In the middle of the night of the second of Ramadan, forces affiliated with the Southern Transitional Council moved in several neighborhoods of Aden in parallel with a statement issued by the President of the Council residing in the Emirates announcing self-management and an emergency in the south.

Today’s “coup” is not the first military move by the Southern Transitional Council against legitimate government forces in the southern governorates. It carried out a previous coup last year in Aden, and has fought with it skirmishes and armed clashes more than once during the past three years.

The establishment
announced the formation of the Presidency of the Southern Transitional Council on May 11, 2017, a week after promoting news that the Southern Movement had mandated the leaders of the Council to form a political leadership to represent and manage the south.
The Southern Transitional Council is headed by Aidarous al-Zubaidi, a politician and activist in the Yemeni Southern Movement, who took over the governor of Aden on December 7, 2015, but President Abd Rabbuh Mansour Hadi dismissed him on April 27, 2017 and appointed him as an ambassador at the Ministry of Foreign Affairs.

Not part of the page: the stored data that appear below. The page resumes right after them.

lemma marginal_add:
  assumes "x1 + x2 = X" "0 < X"
  shows "marginal x1 X + marginal x2 X = (2 - alpha) * X powr - alpha"
proof -
  have "X * X powr (- alpha - 1) = X powr - alpha"
    using assms(2) by (simp add: powr_mult_base)
  moreover have "marginal x1 X + marginal x2 X = 2 * X powr - alpha - alpha * ((x1 + x2) * X powr (- alpha - 1))"
    by (simp add: marginal_def algebra_simps)
  ultimately show ?thesis
    using assms(1) by (simp add: algebra_simps)
qed

lemma coeff_powr_le_imp_demand_le:
  assumes "0 < M" "0 < S"
    and "macro_coeff * M powr - alpha \<le> small_coeff * S powr - alpha"
  shows "Nm * S \<le> Nf * lam powr (1 / alpha - 1) * M"
proof -
  have "(1 / alpha - 1) * alpha = 1 - alpha"
    using alpha_pos by (simp add: field_simps)
  then have "lam powr (1 - alpha) = (lam powr (1 / alpha - 1)) powr alpha"
    by (simp add: powr_powr)
  then have "small_coeff * S powr - alpha = (Nf * lam powr (1 / alpha - 1) / S) powr alpha * R0 powr (1 - alpha)"
    by (simp add: small_coeff_def powr_divide powr_minus_divide powr_mult)
  moreover have "macro_coeff * M powr - alpha = (Nm / M) powr alpha * R0 powr (1 - alpha)"
    by (simp add: macro_coeff_def powr_divide powr_minus_divide)
  ultimately have "(Nm / M) powr alpha \<le> (Nf * lam powr (1 / alpha - 1) / S) powr alpha"
    using assms(3) R0_pos by simp
  then have "Nm / M \<le> Nf * lam powr (1 / alpha - 1) / S"
    using powr_less_mono2[OF alpha_pos, of "Nf * lam powr (1 / alpha - 1) / S" "Nm / M"]
      assms(2) Nf_pos by force
  then show ?thesis
    using assms(1,2) by (simp add: field_simps)
qed

lemma constrained_NE_slack_imp_demand_le:
  assumes NE: "is_constrained_NE alpha Nm Nf lam R0 B1 B2 BS01 BS02 b1M b1S b2M b2S"
    and slack: "BS01 < b1S" "BS02 < b2S" and floors: "0 \<le> BS01" "0 \<le> BS02"
    and regime: "Nf * (b1M + b2M) < Nm * lam * (b1S + b2S)"
  shows "Nm * (b1S + b2S) \<le> Nf * lam powr (1 / alpha - 1) * (b1M + b2M)"
proof -
  have feas: "feasible B1 BS01 b1M b1S" "feasible B2 BS02 b2M b2S"
    and best1: "\<forall>x y. feasible B1 BS01 x y \<longrightarrow>
        revenue alpha Nm Nf lam R0 x y b2M b2S \<le> revenue alpha Nm Nf lam R0 b1M b1S b2M b2S"
    and best2: "\<forall>x y. feasible B2 BS02 x y \<longrightarrow>
        revenue alpha Nm Nf lam R0 x y b1M b1S \<le> revenue alpha Nm Nf lam R0 b2M b2S b1M b1S"
    using NE by (auto simp: is_constrained_NE_def)
  have "0 \<le> b1M" "0 \<le> b2M"
    using feas by (auto simp: feasible_def)
  define M where "M = b1M + b2M"
  define S where "S = b1S + b2S"
  have "0 < S"
    using slack floors by (simp add: S_def)
  consider "b1M = 0" "b2M = 0" | "0 < M"
    using \<open>0 \<le> b1M\<close> \<open>0 \<le> b2M\<close> by (fastforce simp: M_def)
  then show ?thesis
  proof cases
    case 1
    then show ?thesis
      using empty_macro_market_not_best[of B1 BS01 b2S b1S] best1 feas(1) slack floors by simp
  next
    case 2
    have "macro_coeff * marginal b1M M \<le> small_coeff * marginal b1S S"
      using marginal_le_if_best[OF best1 feas(1) slack(1) floors(1)] \<open>0 \<le> b2M\<close> slack floors regime 2
      by (simp add: M_def S_def)
    moreover have "macro_coeff * marginal b2M M \<le> small_coeff * marginal b2S S"
      using marginal_le_if_best[OF best2 feas(2) slack(2) floors(2)] \<open>0 \<le> b1M\<close> slack floors regime 2
      by (simp add: M_def S_def add.commute)
    ultimately have "macro_coeff * (marginal b1M M + marginal b2M M) \<le> small_coeff * (marginal b1S S + marginal b2S S)"
      by (simp add: distrib_left add_mono)
    then have "(2 - alpha) * (macro_coeff * M powr - alpha) \<le> (2 - alpha) * (small_coeff * S powr - alpha)"
      by (simp add: marginal_add[OF M_def[symmetric] 2] marginal_add[OF S_def[symmetric] \<open>0 < S\<close>] mult_ac)
    then have "macro_coeff * M powr - alpha \<le> small_coeff * S powr - alpha"
      using alpha_less_1 by simp
    then show ?thesis
      using coeff_powr_le_imp_demand_le[OF 2 \<open>0 < S\<close>] by (simp add: M_def S_def)
  qed
qed

end

lemma BS_NE_less_imp_macro_share_less:
  assumes "0 < Nm" "0 < Nf" "0 < lam"
    and "BS_NE alpha Nm Nf lam B < BS0" "BS0 \<le> bS" "bM + bS \<le> B"
  shows "Nf * lam powr (1 / alpha - 1) * bM < Nm * bS"
proof -
  define K where "K = Nf * lam powr (1 / alpha - 1)"
  have "0 < K" using assms(2,3) by (simp add: K_def)
  then have "K * B < BS0 * (K + Nm)"
    using assms(1,4) by (simp add: BS_NE_def K_def pos_divide_less_eq add_pos_pos)
  also have "\<dots> \<le> bS * (K + Nm)"
    using assms(1,5) \<open>0 < K\<close> by (intro mult_right_mono) auto
  finally have "K * B < bS * (K + Nm)" .
  moreover have "K * (bM + bS) \<le> K * B"
    using assms(6) \<open>0 < K\<close> by (intro mult_left_mono) auto
  ultimately show ?thesis
    by (simp add: K_def algebra_simps)
qed

theorem proposition1:
  fixes alpha Nm Nf lam R0 B1 B2 BS01 BS02 b1M b1S b2M b2S :: real
  assumes "0 < alpha" "alpha < 1"
    and "Nm > 0" "Nf > 0" "lam > 1" "R0 > 0"
    and "B1 > 0" "B2 > 0"
    and "BS01 \<ge> 0" "BS02 \<ge> 0"
    and "BS_NE alpha Nm Nf lam B1 < BS01"
    and "BS_NE alpha Nm Nf lam B2 < BS02"
    and "is_constrained_NE alpha Nm Nf lam R0 B1 B2 BS01 BS02 b1M b1S b2M b2S"
  shows "(b1S = BS01 \<and> b2S = BS02)
       \<or> (b1S = BS01 \<and> b2S > BS02)
       \<or> (b1S > BS01 \<and> b2S = BS02)"
proof (rule ccontr)
  assume "\<not> ?thesis"
  interpret spectrum_market alpha Nm Nf lam R0
    using assms(1-6) by unfold_locales auto
  define K where "K = Nf * lam powr (1 / alpha - 1)"
  have feas: "feasible B1 BS01 b1M b1S" "feasible B2 BS02 b2M b2S"
    using assms(13) by (auto simp: is_constrained_NE_def)
  with \<open>\<not> ?thesis\<close> have slack: "BS01 < b1S" "BS02 < b2S"
    by (auto simp: feasible_def)
  have "K * b1M < Nm * b1S" "K * b2M < Nm * b2S"
    using BS_NE_less_imp_macro_share_less[OF Nm_pos Nf_pos lam_pos] assms(11,12) slack feas
    by (auto simp: K_def feasible_def)
  then have scarce: "K * (b1M + b2M) < Nm * (b1S + b2S)"
    by (simp add: distrib_left)
  have "Nf \<le> K"
    using assms(1,2,5) Nf_pos by (simp add: K_def ge_one_powr_ge_zero)
  then have "Nf * (b1M + b2M) \<le> K * (b1M + b2M)"
    using feas by (intro mult_right_mono) (auto simp: feasible_def)
  moreover have "Nm * (b1S + b2S) \<le> Nm * lam * (b1S + b2S)"
    using assms(3,5,9,10) slack by simp
  ultimately have "Nf * (b1M + b2M) < Nm * lam * (b1S + b2S)"
    using scarce by linarith
  then show False
    using constrained_NE_slack_imp_demand_le[OF assms(13) slack assms(9,10)] scarce
    by (simp add: K_def)
qed

end
lemma rep_play_spec:
  assumes a: "a \<in> univ A"
  shows "(SOME y. y \<in> \<alpha> a) = (rep_play a, a)" "fplay K (rep_play a) a"
    "\<alpha> a = cls K (rep_play a) a"
proof -
  have "\<alpha> a \<in> univ (Gk g k A)" using hom_alpha a by (simp add: hom_def)
  then obtain p a' where p: "\<alpha> a = cls K p a'" "fplay K p a'" by (rule Gk_univE)
  with a have "a' = a" by (rule alpha_eq_clsD)
  with p have pa: "\<alpha> a = cls K p a" "fplay K p a" by simp_all
  obtain q where q: "(SOME y. y \<in> \<alpha> a) = (q, a)" "fplay K q a" "peq p a q a"
    using some_mem_clsE[OF pa(2)] unfolding pa(1) by blast
  then show "(SOME y. y \<in> \<alpha> a) = (rep_play a, a)" "fplay K (rep_play a) a"
    by (simp_all add: rep_play_def)
  have "\<alpha> a = cls K q a" using pa(1) cls_eqI[OF q(3)] by simp
  with q(1) show "\<alpha> a = cls K (rep_play a) a" by (simp add: rep_play_def)
qed

lemma rep_play_ne: "a \<in> univ A \<Longrightarrow> rep_play a \<noteq> []"
  using rep_play_spec(2) unfolding fplay_def play_def by blast

lemma mem_last_rep_play: "a \<in> univ A \<Longrightarrow> a \<in> last (rep_play a)"
  using rep_play_spec(2) unfolding fplay_def by blast

lemma tau_persists: "a \<in> univ A \<Longrightarrow> persists a (\<tau> a) (rep_play a)"
  unfolding \<tau>_def using rep_play_ne mem_last_rep_play by (rule root_persists)

lemma kplay_tau:
  assumes "a \<in> univ A"
  shows "play K (\<tau> a)"
proof (rule play_prefix)
  show "play K (rep_play a)" using rep_play_spec(2)[OF assms] by (simp add: fplay_def)
  show "prefix (\<tau> a) (rep_play a)" "\<tau> a \<noteq> []"
    using tau_persists[OF assms] by (simp_all add: persists_def)
qed

lemma mem_last_tau: "a \<in> univ A \<Longrightarrow> a \<in> last (\<tau> a)"
  using tau_persists by (rule persists_last)

lemma peq_tau_rep_play: "a \<in> univ A \<Longrightarrow> peq (\<tau> a) a (rep_play a) a"
  using tau_persists by (rule peq_of_persists)

lemma alpha_eq_cls_tau: "a \<in> univ A \<Longrightarrow> \<alpha> a = cls K (\<tau> a) a"
  using rep_play_spec(3) cls_eqI[OF peq_tau_rep_play] by simp

lemma tau_least:
  assumes a: "a \<in> univ A" and "peq (\<tau> a) a q a"
  shows "persists a (\<tau> a) q"
proof -
  have "peq (rep_play a) a q a"
    using peq_trans[OF peq_sym[OF peq_tau_rep_play[OF a]] assms(2)] .
  then show ?thesis
    unfolding \<tau>_def using rep_play_ne[OF a] mem_last_rep_play[OF a] by (rule root_persists_peq)
qed

lemma tau_least_cls:
  assumes "a \<in> univ A" "fplay K q a" "\<alpha> a = cls K q a"
  shows "persists a (\<tau> a) q"
proof -
  have "cls K (\<tau> a) a = cls K q a" using assms(1,3) alpha_eq_cls_tau by simp
  then have "peq (\<tau> a) a q a" using assms(2) by (rule cls_eqD)
  then show ?thesis by (rule tau_least[OF assms(1)])
qed

lemma lifts_of_rep_play_agree:
  assumes c: "c \<in> univ A"
  obtains j where "prefix (\<tau> c) (take j (rep_play c))"
    "take j (map ((`) \<alpha>) (rep_play c)) = take j (pstar K (rep_play c))"
proof -
  let ?KK = "kguarded g k (Gk g k A)"
  define p where "p = rep_play c"
  have p: "(SOME y. y \<in> \<alpha> c) = (p, c)" "fplay K p c" "\<alpha> c = cls K p c"
    using rep_play_spec[OF c] unfolding p_def by blast+
  have "cls ?KK (pstar K p) (\<alpha> c) = cls ?KK (map ((`) \<alpha>) p) (\<alpha> c)"
    using alpha_comult[OF c] unfolding Gmap_eq[OF p(1)] delta_eq[OF p(1)] p(3)[symmetric] by simp
  moreover have "fplay ?KK (map ((`) \<alpha>) p) (\<alpha> c)"
    using play_hom_image[OF hom_alpha] p(2) by (auto simp: fplay_def play_def last_map)
  ultimately have "peq (pstar K p) (\<alpha> c) (map ((`) \<alpha>) p) (\<alpha> c)" by (rule cls_eqD)
  then obtain r where r: "persists (\<alpha> c) r (pstar K p)" "persists (\<alpha> c) r (map ((`) \<alpha>) p)"
    unfolding peq_iff_persists by blast
  define j where "j = length r"
  have r_take: "r = take j (pstar K p)" "r = take j (map ((`) \<alpha>) p)"
    using r prefix_take_length unfolding j_def persists_def by blast+
  then have r_pstar: "r = pstar K (take j p)" by (simp add: take_pstar)
  have "take j p \<noteq> []"
  proof
    assume "take j p = []"
    with r_pstar r(1) show False by (simp add: persists_def pstar_def)
  qed
  have "\<alpha> c \<in> last r" using r(1) by (rule persists_last)
  then obtain c' where c': "c' \<in> last (take j p)" "\<alpha> c = cls K (take j p) c'"
    using last_pstar[OF \<open>take j p \<noteq> []\<close>] r_pstar by auto
  have "fplay K (take j p) c'"
    using play_prefix[OF _ take_is_prefix \<open>take j p \<noteq> []\<close>] p(2) c'(1) by (simp add: fplay_def)
  moreover from this have "c' = c" using alpha_eq_clsD[OF c c'(2)] by simp
  ultimately have "persists c (\<tau> c) (take j p)" using tau_least_cls[OF c] c'(2) by simp
  then have "prefix (\<tau> c) (take j p)" by (simp add: persists_def)
  moreover have "take j (map ((`) \<alpha>) p) = take j (pstar K p)" using r_take by simp
  ultimately show thesis unfolding p_def by (rule that)
qed

lemma map_alpha_tau:
  assumes c: "c \<in> univ A"
  shows "map ((`) \<alpha>) (\<tau> c) = pstar K (\<tau> c)"
proof -
  obtain j where j: "prefix (\<tau> c) (take j (rep_play c))"
    "take j (map ((`) \<alpha>) (rep_play c)) = take j (pstar K (rep_play c))"
    using lifts_of_rep_play_agree[OF c] by blast
  let ?l = "length (\<tau> c)"
  have "prefix (\<tau> c) (rep_play c)" using j(1) take_is_prefix by (rule prefix_order.trans)
  then have tau: "\<tau> c = take ?l (rep_play c)" by (rule prefix_take_length)
  have "?l \<le> j" using prefix_length_le[OF j(1)] by simp
  then have "take ?l (map ((`) \<alpha>) (rep_play c)) = take ?l (pstar K (rep_play c))"
    using arg_cong[OF j(2), of "take ?l"] by (simp add: min_absorb1)
  then show ?thesis by (subst (1 2) tau) (simp add: take_map take_pstar)
qed

lemma alpha_eq_cls:
  assumes c: "c \<in> univ A" and q: "prefix q (\<tau> c)" "q \<noteq> []" and b: "b \<in> last q"
  shows "\<alpha> b = cls K q b"
proof -
  have "map ((`) \<alpha>) q = pstar K q"
    using arg_cong[OF map_alpha_tau[OF c], of "take (length q)"] prefix_take_length[OF q(1)]
    by (simp add: take_map take_pstar)
  then have "\<alpha> ` last q = cls K q ` last q"
    using last_pstar[OF q(2)] q(2) by (metis last_map)
  then obtain b' where b': "b' \<in> last q" "\<alpha> b = cls K q b'"
    using b by blast
  have "play K q" using play_prefix[OF kplay_tau[OF c] q] .
  then have "fplay K q b'" using b'(1) by (simp add: fplay_def)
  have "b \<in> univ A"
    using guarded_subset_univ[OF wf] play_last[OF \<open>play K q\<close>] b by (auto simp: kguarded_def)
  then have "b' = b" using b'(2) \<open>fplay K q b'\<close> by (rule alpha_eq_clsD)
  with b'(2) show ?thesis by simp
qed

lemma tuple_in_play:
  assumes t: "t \<in> rel A R"
  obtains p where "play K p" "set t \<subseteq> last p" "\<And>x. x \<in> set t \<Longrightarrow> \<alpha> x = cls K p x"
proof -
  have "map \<alpha> t \<in> rel (Gk g k A) R" using hom_alpha t by (simp add: hom_def)
  then obtain p t' where pt: "map \<alpha> t = map (cls K p) t'" "play K p" "set t' \<subseteq> last p"
    by (rule Gk_relE)
  have tu: "set t \<subseteq> univ A" using wf t by (simp add: wf_struc_def)
  have len: "length t' = length t" using pt(1) by (metis length_map)
  have "t' = t"
  proof (rule nth_equalityI)
    fix i assume i: "i < length t'"
    have "t ! i \<in> univ A" using tu i len by auto
    moreover have "\<alpha> (t ! i) = cls K p (t' ! i)"
      using arg_cong[OF pt(1), of "\<lambda>xs. xs ! i"] i len by simp
    moreover have "fplay K p (t' ! i)"
      using pt(2,3) nth_mem[OF i] by (auto simp: fplay_def)
    ultimately show "t' ! i = t ! i" by (rule alpha_eq_clsD)
  qed (rule len)
  with pt show thesis using that by (metis map_eq_conv)
qed
(* Let $d\ge2$, $\theta>0$, and let $D_{\theta,d}$ be the symmetric Dirichlet distribution on $\Delta_{(d-1)}$ with parameter $(\theta/d,\dots,\theta/d)$. For $n\ge0$ let $Q^{(\theta,d)}_n$ be the degree-$n$ Jacobi kernel of $D_{\theta,d}$, and let $Q^{(\theta,d)\downarrow}_n$ be the degree-$n$ kernel of $D_{\theta,d}$ restricted to symmetric functions (defined below). Then for all $x,y\in\Delta_{(d-1)}$, $$Q^{(\theta,d)\downarrow}_n(x,y)=\frac1{d!}\sum_{\sigma\in S_d}Q^{(\theta,d)}_n(\sigma x,y)=\frac{1}{(d!)^2}\sum_{\sigma,\tau\in S_d}Q^{(\theta,d)}_n(\sigma x,\tau y)=\sum_{m=0}^na^{\theta}_{nm}\frac1{d!}\sum_{\sigma\in S_d}\xi^{(\theta,d)}_m(\sigma x,y).$$
   Context: $\Delta_{(d-1)}=\{x\in[0,1]^d:\sum_ix_i=1\}$; $S_d$ is the symmetric group, $\sigma x=(x_{\sigma(1)},\dots,x_{\sigma(d)})$. For a Dirichlet law $D_\beta$ (density proportional to $\prod x_i^{\beta_i-1}$), the Jacobi kernel $Q^\beta_n(x,y)=\sum_kP_k(x)P_k(y)$ with $(P_k)$ an $L^2(D_\beta)$-orthonormal basis of the polynomials of degree $\le n$ orthogonal to all lower-degree polynomials. $Q^{(\theta,d)\downarrow}_n(x,y)=\sum_kS_k(x)S_k(y)$ where $(S_k)$ is an $L^2(D_{\theta,d})$-orthonormal basis of the space of symmetric (i.e. $S_d$-invariant) polynomials of degree $\le n$ orthogonal to all symmetric polynomials of degree $<n$; it is the kernel of the ranked (decreasingly ordered) Dirichlet distribution. $a^{\theta}_{nm}=(\theta+2n-1)(-1)^{n-m}\frac{(\theta+m)_{(n-1)}}{m!(n-m)!}$ (with $a^\theta_{00}=1$), $(c)_{(k)}=\Gamma(c+k)/\Gamma(c)$. $\xi^{(\theta,d)}_m(x,y)=\sum_{l\in\mathbb Z^d_+,|l|=m}\binom{m}{l}^2x^ly^l/DM_{(\theta/d,\dots,\theta/d)}(l;m)$ where $DM_\beta(l;m)=\binom ml\prod_i(\beta_i)_{(l_i)}/(|\beta|)_{(m)}$. *)

theory Defs
  imports "HOL-Analysis.Analysis"
begin

text \<open>Points of the dsimplex are functions nat => real, coordinates 0..d-1,
  and identically zero beyond d-1.\<close>

definition dsimplex :: "nat \<Rightarrow> (nat \<Rightarrow> real) set" where
  "dsimplex d = {x. (\<forall>i<d. 0 \<le> x i) \<and> (\<forall>i. d \<le> i \<longrightarrow> x i = 0) \<and> (\<Sum>i<d. x i) = 1}"

definition perm_act :: "(nat \<Rightarrow> nat) \<Rightarrow> (nat \<Rightarrow> real) \<Rightarrow> (nat \<Rightarrow> real)" where
  "perm_act \<sigma> x = (\<lambda>i. x (\<sigma> i))"

definition Sym :: "nat \<Rightarrow> (nat \<Rightarrow> nat) set" where
  "Sym d = {\<sigma>. \<sigma> permutes {..<d}}"

text \<open>Dirichlet law D_beta on the dsimplex, realised through the coordinates
  u_0..u_(d-2) (Lebesgue measure), with x_(d-1) = 1 - sum u.\<close>

definition dlift :: "nat \<Rightarrow> (nat \<Rightarrow> real) \<Rightarrow> (nat \<Rightarrow> real)" where
  "dlift d u = (\<lambda>i. if i < d - 1 then u i else if i = d - 1 then 1 - (\<Sum>j<d-1. u j) else 0)"

definition dregion :: "nat \<Rightarrow> (nat \<Rightarrow> real) set" where
  "dregion d = {u. (\<forall>i<d-1. 0 \<le> u i) \<and> (\<Sum>j<d-1. u j) \<le> 1}"

definition dir_dens :: "nat \<Rightarrow> (nat \<Rightarrow> real) \<Rightarrow> (nat \<Rightarrow> real) \<Rightarrow> real" where
  "dir_dens d \<beta> x = (\<Prod>i<d. x i powr (\<beta> i - 1))"

definition dleb :: "nat \<Rightarrow> (nat \<Rightarrow> real) measure" where
  "dleb d = PiM {..<d-1} (\<lambda>_. lborel)"

definition dir_expect :: "nat \<Rightarrow> (nat \<Rightarrow> real) \<Rightarrow> ((nat \<Rightarrow> real) \<Rightarrow> real) \<Rightarrow> real" where
  "dir_expect d \<beta> h =
     (\<integral>u. indicator (dregion d) u * h (dlift d u) * dir_dens d \<beta> (dlift d u) \<partial>dleb d) /
     (\<integral>u. indicator (dregion d) u * dir_dens d \<beta> (dlift d u) \<partial>dleb d)"

definition dir_inner :: "nat \<Rightarrow> (nat \<Rightarrow> real) \<Rightarrow> ((nat \<Rightarrow> real) \<Rightarrow> real) \<Rightarrow> ((nat \<Rightarrow> real) \<Rightarrow> real) \<Rightarrow> real" where
  "dir_inner d \<beta> f g = dir_expect d \<beta> (\<lambda>x. f x * g x)"

definition mindex_eq :: "nat \<Rightarrow> nat \<Rightarrow> (nat \<Rightarrow> nat) set" where
  "mindex_eq d m = {l. (\<forall>i. d \<le> i \<longrightarrow> l i = 0) \<and> (\<Sum>i<d. l i) = m}"

definition mindex_le :: "nat \<Rightarrow> nat \<Rightarrow> (nat \<Rightarrow> nat) set" where
  "mindex_le d n = {l. (\<forall>i. d \<le> i \<longrightarrow> l i = 0) \<and> (\<Sum>i<d. l i) \<le> n}"

definition pmono :: "nat \<Rightarrow> (nat \<Rightarrow> nat) \<Rightarrow> (nat \<Rightarrow> real) \<Rightarrow> real" where
  "pmono d l x = (\<Prod>i<d. x i ^ l i)"

definition polys :: "nat \<Rightarrow> nat \<Rightarrow> ((nat \<Rightarrow> real) \<Rightarrow> real) set" where
  "polys d n = {f. \<exists>c. f = (\<lambda>x. \<Sum>l\<in>mindex_le d n. c l * pmono d l x)}"

definition symmetric_fun :: "nat \<Rightarrow> ((nat \<Rightarrow> real) \<Rightarrow> real) \<Rightarrow> bool" where
  "symmetric_fun d f = (\<forall>\<sigma>\<in>Sym d. \<forall>x\<in>dsimplex d. f (perm_act \<sigma> x) = f x)"

definition Vspace :: "nat \<Rightarrow> (nat \<Rightarrow> real) \<Rightarrow> nat \<Rightarrow> ((nat \<Rightarrow> real) \<Rightarrow> real) set" where
  "Vspace d \<beta> n = {f \<in> polys d n. \<forall>m<n. \<forall>g\<in>polys d m. dir_inner d \<beta> f g = 0}"

definition Vsym :: "nat \<Rightarrow> (nat \<Rightarrow> real) \<Rightarrow> nat \<Rightarrow> ((nat \<Rightarrow> real) \<Rightarrow> real) set" where
  "Vsym d \<beta> n = {f \<in> polys d n. symmetric_fun d f \<and>
      (\<forall>m<n. \<forall>g\<in>polys d m. symmetric_fun d g \<longrightarrow> dir_inner d \<beta> f g = 0)}"

definition onb :: "nat \<Rightarrow> (nat \<Rightarrow> real) \<Rightarrow> ((nat \<Rightarrow> real) \<Rightarrow> real) set
    \<Rightarrow> nat \<Rightarrow> (nat \<Rightarrow> (nat \<Rightarrow> real) \<Rightarrow> real) \<Rightarrow> bool" where
  "onb d \<beta> V K P =
     ((\<forall>k<K. P k \<in> V) \<and>
      (\<forall>j<K. \<forall>k<K. dir_inner d \<beta> (P j) (P k) = (if j = k then 1 else 0)) \<and>
      (\<forall>f\<in>V. \<exists>c. \<forall>x\<in>dsimplex d. f x = (\<Sum>k<K. c k * P k x)))"

definition okernel :: "nat \<Rightarrow> (nat \<Rightarrow> (nat \<Rightarrow> real) \<Rightarrow> real) \<Rightarrow> (nat \<Rightarrow> real) \<Rightarrow> (nat \<Rightarrow> real) \<Rightarrow> real" where
  "okernel K P x y = (\<Sum>k<K. P k x * P k y)"

definition symparam :: "real \<Rightarrow> nat \<Rightarrow> nat \<Rightarrow> real" where
  "symparam \<theta> d = (\<lambda>i. \<theta> / real d)"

The leadership of the council includes 26 people, including Hani bin Brik, the deputy chairman of the Southern Transitional Council, who is close to the UAE authorities, and the founding statement of the authority announced that it continues to support the Arab coalition led by Saudi Arabia against the Houthis and the forces of Ali Abdullah Saleh.

Its founding statement also stressed that the council is clinging to partnership with the international community in the war on "terrorism", and has not forgotten to thank the United Arab Emirates for its role "in preparing the security and military system to combat terrorism, and to establish security and stability in all southern governorates."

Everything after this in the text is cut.